* **REQUIRED WORK**: All records need to be reproduced exactly. Keep every word as it is.

* **DATA RECORDS**:
┌──

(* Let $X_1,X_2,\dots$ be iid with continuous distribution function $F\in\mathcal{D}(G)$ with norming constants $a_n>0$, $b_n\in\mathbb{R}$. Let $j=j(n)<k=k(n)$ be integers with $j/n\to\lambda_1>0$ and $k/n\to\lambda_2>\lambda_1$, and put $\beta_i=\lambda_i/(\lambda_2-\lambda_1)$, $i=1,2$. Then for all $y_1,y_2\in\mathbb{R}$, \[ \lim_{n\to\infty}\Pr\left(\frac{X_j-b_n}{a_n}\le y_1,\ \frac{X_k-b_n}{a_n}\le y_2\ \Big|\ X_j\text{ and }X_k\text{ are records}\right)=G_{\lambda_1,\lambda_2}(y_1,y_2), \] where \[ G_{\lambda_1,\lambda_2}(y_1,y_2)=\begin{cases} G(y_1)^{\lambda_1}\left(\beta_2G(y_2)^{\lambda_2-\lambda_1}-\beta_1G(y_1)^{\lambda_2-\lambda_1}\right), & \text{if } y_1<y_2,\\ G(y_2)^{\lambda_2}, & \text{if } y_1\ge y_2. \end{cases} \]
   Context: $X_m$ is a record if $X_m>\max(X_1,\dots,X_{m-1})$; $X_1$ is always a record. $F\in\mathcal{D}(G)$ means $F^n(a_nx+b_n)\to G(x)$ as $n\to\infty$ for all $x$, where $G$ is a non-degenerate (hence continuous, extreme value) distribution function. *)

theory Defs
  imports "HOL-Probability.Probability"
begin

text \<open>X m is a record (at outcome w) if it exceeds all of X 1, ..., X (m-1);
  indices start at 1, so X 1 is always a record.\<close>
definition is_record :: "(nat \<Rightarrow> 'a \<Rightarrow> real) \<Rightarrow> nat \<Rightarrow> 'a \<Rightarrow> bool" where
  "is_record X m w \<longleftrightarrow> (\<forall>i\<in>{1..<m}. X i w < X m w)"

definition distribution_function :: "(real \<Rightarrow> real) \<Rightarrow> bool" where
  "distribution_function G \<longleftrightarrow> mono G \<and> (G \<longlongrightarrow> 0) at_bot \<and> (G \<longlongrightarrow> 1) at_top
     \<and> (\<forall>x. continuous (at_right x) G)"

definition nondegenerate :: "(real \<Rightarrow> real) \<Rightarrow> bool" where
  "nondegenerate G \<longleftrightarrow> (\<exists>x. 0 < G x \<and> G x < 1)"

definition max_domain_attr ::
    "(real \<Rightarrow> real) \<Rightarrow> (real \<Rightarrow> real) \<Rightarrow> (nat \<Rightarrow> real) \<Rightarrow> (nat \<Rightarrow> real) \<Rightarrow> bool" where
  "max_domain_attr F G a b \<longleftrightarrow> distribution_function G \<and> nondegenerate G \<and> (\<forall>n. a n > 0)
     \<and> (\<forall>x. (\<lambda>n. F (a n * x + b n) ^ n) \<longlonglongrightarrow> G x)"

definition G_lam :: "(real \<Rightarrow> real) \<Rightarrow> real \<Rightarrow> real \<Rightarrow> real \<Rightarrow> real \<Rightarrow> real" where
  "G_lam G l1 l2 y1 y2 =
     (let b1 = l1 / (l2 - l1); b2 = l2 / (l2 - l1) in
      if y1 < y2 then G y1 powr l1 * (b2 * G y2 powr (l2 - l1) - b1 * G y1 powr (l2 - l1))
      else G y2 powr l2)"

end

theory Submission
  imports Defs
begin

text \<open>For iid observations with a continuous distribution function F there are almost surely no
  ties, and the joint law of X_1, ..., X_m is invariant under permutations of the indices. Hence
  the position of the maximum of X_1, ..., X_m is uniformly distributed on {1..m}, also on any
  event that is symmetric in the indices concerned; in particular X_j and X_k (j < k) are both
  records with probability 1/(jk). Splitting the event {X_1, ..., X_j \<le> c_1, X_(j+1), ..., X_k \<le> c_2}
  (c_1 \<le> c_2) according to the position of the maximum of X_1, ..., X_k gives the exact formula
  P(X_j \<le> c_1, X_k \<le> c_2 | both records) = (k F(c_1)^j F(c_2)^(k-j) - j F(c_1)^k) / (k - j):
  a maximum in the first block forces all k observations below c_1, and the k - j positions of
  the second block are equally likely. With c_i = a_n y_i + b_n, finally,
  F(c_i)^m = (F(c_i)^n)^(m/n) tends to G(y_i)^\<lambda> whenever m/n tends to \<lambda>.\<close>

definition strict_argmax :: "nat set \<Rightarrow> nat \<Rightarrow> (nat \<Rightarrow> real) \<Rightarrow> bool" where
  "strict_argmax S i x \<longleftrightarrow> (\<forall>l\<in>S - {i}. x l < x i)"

└──

* **RESPONSE AREA**:
(* Let $X_1,X_2,\dots$ be iid with continuous distribution function $F\in\mathcal{D}(G)$ with norming constants $a_n>0$, $b_n\in\mathbb{R}$. Let $j=j(n)<k=k(n)$ be integers with $j/n\to\lambda_1>0$ and $k/n\to\lambda_2>\lambda_1$, and put $\beta_i=\lambda_i/(\lambda_2-\lambda_1)$, $i=1,2$. Then for all $y_1,y_2\in\mathbb{R}$, \[ \lim_{n\to\infty}\Pr\left(\frac{X_j-b_n}{a_n}\le y_1,\ \frac{X_k-b_n}{a_n}\le y_2\ \Big|\ X_j\text{ and }X_k\text{ are records}\right)=G_{\lambda_1,\lambda_2}(y_1,y_2), \] where \[ G_{\lambda_1,\lambda_2}(y_1,y_2)=\begin{cases} G(y_1)^{\lambda_1}\left(\beta_2G(y_2)^{\lambda_2-\lambda_1}-\beta_1G(y_1)^{\lambda_2-\lambda_1}\right), & \text{if } y_1<y_2,\\ G(y_2)^{\lambda_2}, & \text{if } y_1\ge y_2. \end{cases} \]
   Context: $X_m$ is a record if $X_m>\max(X_1,\dots,X_{m-1})$; $X_1$ is always a record. $F\in\mathcal{D}(G)$ means $F^n(a_nx+b_n)\to G(x)$ as $n\to\infty$ for all $x$, where $G$ is a non-degenerate (hence continuous, extreme value) distribution function. *)

theory Defs
  imports "HOL-Probability.Probability"
begin

text \<open>X m is a record (at outcome w) if it exceeds all of X 1, ..., X (m-1);
  indices start at 1, so X 1 is always a record.\<close>
definition is_record :: "(nat \<Rightarrow> 'a \<Rightarrow> real) \<Rightarrow> nat \<Rightarrow> 'a \<Rightarrow> bool" where
  "is_record X m w \<longleftrightarrow> (\<forall>i\<in>{1..<m}. X i w < X m w)"

definition distribution_function :: "(real \<Rightarrow> real) \<Rightarrow> bool" where
  "distribution_function G \<longleftrightarrow> mono G \<and> (G \<longlongrightarrow> 0) at_bot \<and> (G \<longlongrightarrow> 1) at_top
     \<and> (\<forall>x. continuous (at_right x) G)"

definition nondegenerate :: "(real \<Rightarrow> real) \<Rightarrow> bool" where
  "nondegenerate G \<longleftrightarrow> (\<exists>x. 0 < G x \<and> G x < 1)"

definition max_domain_attr ::
    "(real \<Rightarrow> real) \<Rightarrow> (real \<Rightarrow> real) \<Rightarrow> (nat \<Rightarrow> real) \<Rightarrow> (nat \<Rightarrow> real) \<Rightarrow> bool" where
  "max_domain_attr F G a b \<longleftrightarrow> distribution_function G \<and> nondegenerate G \<and> (\<forall>n. a n > 0)
     \<and> (\<forall>x. (\<lambda>n. F (a n * x + b n) ^ n) \<longlonglongrightarrow> G x)"

definition G_lam :: "(real \<Rightarrow> real) \<Rightarrow> real \<Rightarrow> real \<Rightarrow> real \<Rightarrow> real \<Rightarrow> real" where
  "G_lam G l1 l2 y1 y2 =
     (let b1 = l1 / (l2 - l1); b2 = l2 / (l2 - l1) in
      if y1 < y2 then G y1 powr l1 * (b2 * G y2 powr (l2 - l1) - b1 * G y1 powr (l2 - l1))
      else G y2 powr l2)"

end

theory Submission
  imports Defs
begin

text \<open>For iid observations with a continuous distribution function F there are almost surely no
  ties, and the joint law of X_1, ..., X_m is invariant under permutations of the indices. Hence
  the position of the maximum of X_1, ..., X_m is uniformly distributed on {1..m}, also on any
  event that is symmetric in the indices concerned; in particular X_j and X_k (j < k) are both
  records with probability 1/(jk). Splitting the event {X_1, ..., X_j \<le> c_1, X_(j+1), ..., X_k \<le> c_2}
  (c_1 \<le> c_2) according to the position of the maximum of X_1, ..., X_k gives the exact formula
  P(X_j \<le> c_1, X_k \<le> c_2 | both records) = (k F(c_1)^j F(c_2)^(k-j) - j F(c_1)^k) / (k - j):
  a maximum in the first block forces all k observations below c_1, and the k - j positions of
  the second block are equally likely. With c_i = a_n y_i + b_n, finally,
  F(c_i)^m = (F(c_i)^n)^(m/n) tends to G(y_i)^\<lambda> whenever m/n tends to \<lambda>.\<close>

definition strict_argmax :: "nat set \<Rightarrow> nat \<Rightarrow> (nat \<Rightarrow> real) \<Rightarrow> bool" where
  "strict_argmax S i x \<longleftrightarrow> (\<forall>l\<in>S - {i}. x l < x i)"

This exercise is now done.